(* Let $x$ be a grid function with $x_s\neq0$ at every node that satisfies the scheme (S) with $\check B=\frac{2(\cosh\tau-1)}{\tau^2}\,x$ (discretization for the parabolic bottom $b(x)=x^2/2$). Then at every node $$\Big(x\,\frac{e^{\hat t}-e^{t}}{\tau}-e^{t}x_t\Big)_{\check t}-\Big(e^{t}\big((\hat x_s\check x_s)^{-1}-\alpha^2x_s\big)\Big)_{\bar s}=0,$$ where $t$ is the time coordinate of the node and $\hat t=t+\tau$.
   Context: Fix mesh steps $\tau>0$, $h>0$ and a constant $\alpha\in\mathbb R$. A grid function is a real-valued function $f=f(t,s)$ on the uniform orthogonal mesh $\{(n\tau,kh): n,k\in\mathbb Z\}$; at the node $(n\tau,kh)$ the symbol $t$ denotes the number $n\tau$. Shifts: $\hat f=f(t+\tau,s)$, $\check f=f(t-\tau,s)$, $f_+=f(t,s+h)$, $f_-=f(t,s-h)$; a shift applied to a composite expression shifts the whole expression, including explicit occurrences of $t$ (e.g. $\hat x_s$ is $x_s$ evaluated at $(t+\tau,s)$). Differences: $f_t=(\hat f-f)/\tau$, $f_{\check t}=(f-\check f)/\tau$, $f_s=(f_+-f)/h$, $f_{\bar s}=(f-f_-)/h$; iterated differences compose, e.g. $x_{t\check t}=(x_t)_{\check t}=(\hat x-2x+\check x)/\tau^2$ and $x_{s\bar s}=(x_s)_{\bar s}=(x_+-2x+x_-)/h^2$. Given a grid function $x$ with $x_s\neq0$ everywhere and a grid function $\check B$ (an approximation of the bottom-slope term), the scheme (S) is the requirement that at every node $$x_{t\check t}-\alpha^2x_{s\bar s}+\Big(\frac{1}{\hat x_s\check x_s}\Big)_{\bar s}-\check B=0 .$$ *)

theory Defs
  imports Complex_Main
begin

text \<open>A grid function is a real function on the mesh nodes (n tau, k h), indexed by (n,k) in Z x Z.\<close>
type_synonym grid = "int \<Rightarrow> int \<Rightarrow> real"

definition dt :: "real \<Rightarrow> grid \<Rightarrow> grid" where
  "dt \<tau> f = (\<lambda>n k. (f (n+1) k - f n k) / \<tau>)"

definition dtb :: "real \<Rightarrow> grid \<Rightarrow> grid" where
  "dtb \<tau> f = (\<lambda>n k. (f n k - f (n-1) k) / \<tau>)"

definition ds :: "real \<Rightarrow> grid \<Rightarrow> grid" where
  "ds h f = (\<lambda>n k. (f n (k+1) - f n k) / h)"

definition dsb :: "real \<Rightarrow> grid \<Rightarrow> grid" where
  "dsb h f = (\<lambda>n k. (f n k - f n (k-1)) / h)"

definition scheme_S :: "real \<Rightarrow> real \<Rightarrow> real \<Rightarrow> grid \<Rightarrow> grid \<Rightarrow> bool" where
  "scheme_S \<tau> h \<alpha> x Bc \<longleftrightarrow>
     (\<forall>n k. dtb \<tau> (dt \<tau> x) n k - \<alpha>^2 * dsb h (ds h x) n k
            + dsb h (\<lambda>n k. 1 / (ds h x (n+1) k * ds h x (n-1) k)) n k
            - Bc n k = 0)"

end

theory Submission
  imports Defs
begin

text \<open>The conservation law is $-e^t$ times the left-hand side of (S). The weight $e^t$ does not
  depend on $s$, so it passes through the space difference. In time, with $q = e^\tau$, the
  weighted flux has backward difference $-e^t\,(x_{t\check t} - (q + q^{-1} - 2)\,x/\tau^2)$,
  and $q + q^{-1} - 2 = 2(\cosh\tau - 1)$ is exactly the factor in $\check B$.\<close>

lemma dsb_scaled_diff:
  "dsb h (\<lambda>n k. c n * (f n k - a * g n k)) n k = c n * (dsb h f n k - a * dsb h g n k)"
  unfolding dsb_def by (cases "h = 0") (simp_all add: field_simps)

lemma exp_grid_succ:
  fixes \<tau> :: real
  shows "exp (of_int (n + 1) * \<tau>) = exp (of_int n * \<tau>) * exp \<tau>"
  by (simp add: distrib_right exp_add)

lemma exp_grid_pred:
  fixes \<tau> :: real
  shows "exp (of_int (n - 1) * \<tau>) = exp (of_int n * \<tau>) / exp \<tau>"
  by (simp add: left_diff_distrib exp_diff)

lemma two_cosh_minus_two:
  fixes \<tau> :: real
  shows "2 * (cosh \<tau> - 1) = exp \<tau> + 1 / exp \<tau> - 2"
proof -
  have "cosh \<tau> = (exp \<tau> + 1 / exp \<tau>) / 2"
    by (simp add: cosh_def exp_minus field_simps)
  then show ?thesis by simp
qed

lemma dtb_exp_weighted_flux:
  fixes x :: grid
  assumes "\<tau> \<noteq> 0"
  shows "dtb \<tau> (\<lambda>n k. x n k * (exp (of_int (n+1) * \<tau>) - exp (of_int n * \<tau>)) / \<tau>
                     - exp (of_int n * \<tau>) * dt \<tau> x n k) n k
       = - exp (of_int n * \<tau>) * (dtb \<tau> (dt \<tau> x) n k - 2 * (cosh \<tau> - 1) / \<tau>^2 * x n k)"
  using assms
  unfolding dtb_def dt_def exp_grid_succ exp_grid_pred two_cosh_minus_two
  by (simp add: field_simps power2_eq_square)

theorem mainTheorem5:
  fixes \<tau> h \<alpha> :: real and x :: grid
  assumes "\<tau> > 0" and "h > 0"
    and "\<forall>n k. ds h x n k \<noteq> 0"
    and "scheme_S \<tau> h \<alpha> x (\<lambda>n k. 2 * (cosh \<tau> - 1) / \<tau>^2 * x n k)"
  shows "\<forall>n k.
    dtb \<tau> (\<lambda>n k. x n k * (exp (of_int (n+1) * \<tau>) - exp (of_int n * \<tau>)) / \<tau>
                   - exp (of_int n * \<tau>) * dt \<tau> x n k) n k
  - dsb h (\<lambda>n k. exp (of_int n * \<tau>) *
                 (1 / (ds h x (n+1) k * ds h x (n-1) k) - \<alpha>^2 * ds h x n k)) n k = 0"
proof (intro allI)
  fix n k
  have "dtb \<tau> (dt \<tau> x) n k - \<alpha>^2 * dsb h (ds h x) n k
      + dsb h (\<lambda>n k. 1 / (ds h x (n+1) k * ds h x (n-1) k)) n k
      - 2 * (cosh \<tau> - 1) / \<tau>^2 * x n k = 0"
    using assms(4) unfolding scheme_S_def by blast
  then show "dtb \<tau> (\<lambda>n k. x n k * (exp (of_int (n+1) * \<tau>) - exp (of_int n * \<tau>)) / \<tau>
                   - exp (of_int n * \<tau>) * dt \<tau> x n k) n k
    - dsb h (\<lambda>n k. exp (of_int n * \<tau>) *
                 (1 / (ds h x (n+1) k * ds h x (n-1) k) - \<alpha>^2 * ds h x n k)) n k = 0"
    unfolding dtb_exp_weighted_flux[OF less_imp_neq[OF assms(1), symmetric]] dsb_scaled_diff
    by algebra
qed

end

--*--

• **THE TASK**
The answer must be every line of the data that holds the word "assms".

• **WRITTEN REPLY**
  using assms
    using assms(4) unfolding scheme_S_def by blast
    unfolding dtb_exp_weighted_flux[OF less_imp_neq[OF assms(1), symmetric]] dsb_scaled_diff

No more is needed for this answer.